▸ **WHAT YOU SHOULD DO**: Copy each of the records exactly; leave nothing out.

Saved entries
++++++++

(* Let $\Phi\subset N_\mathbb{R}$ be a compact convex domain with non-empty interior, let $\mathcal{F}_\Phi$ be its tropical distance series, $t_\Phi=\max_\Phi \mathcal{F}_\Phi$ its final time, and $\mathcal{K}_\Phi$ its tropical caustic. Let $p$ be a vertex of $\mathcal{K}_\Phi$ which is non-final, i.e. $0<\mathcal{F}_\Phi(p)<t_\Phi$. Then $p$ is a trivalent vertex of $\mathcal{K}_\Phi$, and there exist a natural number $n\geq 1$ and a lattice basis $e_1,e_2$ of $N$ such that, in a small neighbourhood of $p$, $\mathcal{K}_\Phi$ is the union of exactly three segments emanating from $p$: \begin{itemize} \item one in the primitive direction $e_2$, of weight $n$, \item one in the primitive direction $-e_1-n e_2$, of weight $1$, \item one in the primitive direction $e_1$, of weight $1$; \end{itemize} moreover $\mathcal{F}_\Phi<\mathcal{F}_\Phi(p)$ on the first two segments (other than at $p$) and $\mathcal{F}_\Phi>\mathcal{F}_\Phi(p)$ on the third one. In the language of the particle process: a non-final collision involves exactly two particles, one of mass $n\ge 1$ and one of mass $1$, and produces a single particle of mass $1$ (so at most one of the colliding particles has mass greater than one). Equivalently, the dual polygon of $p$ (the convex hull of the gradients of $\mathcal{F}_\Phi$ on the regions adjacent to $p$) is, up to translation and lattice automorphism of $M$, the triangle with vertices $(0,0),(0,1),(-n,1)$, an $A_n$-type triangle of area $n/2$.
   Context: $N$ is a rank-two lattice, $N_\mathbb{R}=N\otimes\mathbb{R}$, and $M=\operatorname{Hom}(N,\mathbb{Z})$ is the dual lattice. For a compact convex domain $\Phi\subset N_\mathbb{R}$, the tropical distance series is $\mathcal{F}_\Phi(x)=\min_{\lambda\in M\setminus\{0\}}\big(\lambda(x)-\min_{q\in\Phi}\lambda(q)\big)$ for $x\in\Phi$, i.e. the minimum of all support functions of $\Phi$ with integral gradient; it is non-negative on $\Phi$ and vanishes on $\partial\Phi$. The tropical propagation of $\Phi$ at time $t\ge0$ is $\Phi(t)=\{x\in\Phi:\mathcal{F}_\Phi(x)\geq t\}$ (equivalently, the intersection of all rational-slope support half-planes $\{\lambda\ge c\}$ of $\Phi$, $\lambda\in M$ primitive, shifted to $\{\lambda\ge c+t\}$), and the tropical wave front is $\partial\Phi(t)=\mathcal{F}_\Phi^{-1}(t)$; the final time $t_\Phi$ is the maximal $t$ with $\Phi(t)\neq\emptyset$. The tropical caustic $\mathcal{K}_\Phi$ is the corner locus of $\mathcal{F}_\Phi$ in the interior of $\Phi$: the set of points where the minimum defining $\mathcal{F}_\Phi$ is attained by at least two distinct gradients (equivalently, the locus of vertices, i.e. special points, of the wave fronts $\partial\Phi(t)$, $t>0$, together with $\Phi(t_\Phi)$ when the latter is a segment). It is a graph with straight rational-slope edges; the weight of an edge is the lattice length of the difference of the two gradients of $\mathcal{F}_\Phi$ on either side of it, and the edges are balanced at every interior vertex. A vertex of $\mathcal{K}_\Phi$ is a point of $\mathcal{K}_\Phi$ near which $\mathcal{K}_\Phi$ is not a single straight segment. Particle process: vertices of the wave front $\partial\Phi(t)$ are viewed as particles moving along edges of $\mathcal{K}_\Phi$ as $t$ increases, with mass equal to the edge weight and primitive velocity; at a collision momentum (mass times primitive velocity) is conserved. *)

theory Defs
  imports "HOL-Analysis.Analysis"
begin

++++++++

▸ **YOUR RESPONSE**:
(* Let $\Phi\subset N_\mathbb{R}$ be a compact convex domain with non-empty interior, let $\mathcal{F}_\Phi$ be its tropical distance series, $t_\Phi=\max_\Phi \mathcal{F}_\Phi$ its final time, and $\mathcal{K}_\Phi$ its tropical caustic. Let $p$ be a vertex of $\mathcal{K}_\Phi$ which is non-final, i.e. $0<\mathcal{F}_\Phi(p)<t_\Phi$. Then $p$ is a trivalent vertex of $\mathcal{K}_\Phi$, and there exist a natural number $n\geq 1$ and a lattice basis $e_1,e_2$ of $N$ such that, in a small neighbourhood of $p$, $\mathcal{K}_\Phi$ is the union of exactly three segments emanating from $p$: \begin{itemize} \item one in the primitive direction $e_2$, of weight $n$, \item one in the primitive direction $-e_1-n e_2$, of weight $1$, \item one in the primitive direction $e_1$, of weight $1$; \end{itemize} moreover $\mathcal{F}_\Phi<\mathcal{F}_\Phi(p)$ on the first two segments (other than at $p$) and $\mathcal{F}_\Phi>\mathcal{F}_\Phi(p)$ on the third one. In the language of the particle process: a non-final collision involves exactly two particles, one of mass $n\ge 1$ and one of mass $1$, and produces a single particle of mass $1$ (so at most one of the colliding particles has mass greater than one). Equivalently, the dual polygon of $p$ (the convex hull of the gradients of $\mathcal{F}_\Phi$ on the regions adjacent to $p$) is, up to translation and lattice automorphism of $M$, the triangle with vertices $(0,0),(0,1),(-n,1)$, an $A_n$-type triangle of area $n/2$.
   Context: $N$ is a rank-two lattice, $N_\mathbb{R}=N\otimes\mathbb{R}$, and $M=\operatorname{Hom}(N,\mathbb{Z})$ is the dual lattice. For a compact convex domain $\Phi\subset N_\mathbb{R}$, the tropical distance series is $\mathcal{F}_\Phi(x)=\min_{\lambda\in M\setminus\{0\}}\big(\lambda(x)-\min_{q\in\Phi}\lambda(q)\big)$ for $x\in\Phi$, i.e. the minimum of all support functions of $\Phi$ with integral gradient; it is non-negative on $\Phi$ and vanishes on $\partial\Phi$. The tropical propagation of $\Phi$ at time $t\ge0$ is $\Phi(t)=\{x\in\Phi:\mathcal{F}_\Phi(x)\geq t\}$ (equivalently, the intersection of all rational-slope support half-planes $\{\lambda\ge c\}$ of $\Phi$, $\lambda\in M$ primitive, shifted to $\{\lambda\ge c+t\}$), and the tropical wave front is $\partial\Phi(t)=\mathcal{F}_\Phi^{-1}(t)$; the final time $t_\Phi$ is the maximal $t$ with $\Phi(t)\neq\emptyset$. The tropical caustic $\mathcal{K}_\Phi$ is the corner locus of $\mathcal{F}_\Phi$ in the interior of $\Phi$: the set of points where the minimum defining $\mathcal{F}_\Phi$ is attained by at least two distinct gradients (equivalently, the locus of vertices, i.e. special points, of the wave fronts $\partial\Phi(t)$, $t>0$, together with $\Phi(t_\Phi)$ when the latter is a segment). It is a graph with straight rational-slope edges; the weight of an edge is the lattice length of the difference of the two gradients of $\mathcal{F}_\Phi$ on either side of it, and the edges are balanced at every interior vertex. A vertex of $\mathcal{K}_\Phi$ is a point of $\mathcal{K}_\Phi$ near which $\mathcal{K}_\Phi$ is not a single straight segment. Particle process: vertices of the wave front $\partial\Phi(t)$ are viewed as particles moving along edges of $\mathcal{K}_\Phi$ as $t$ increases, with mass equal to the edge weight and primitive velocity; at a collision momentum (mass times primitive velocity) is conserved. *)

theory Defs
  imports "HOL-Analysis.Analysis"
begin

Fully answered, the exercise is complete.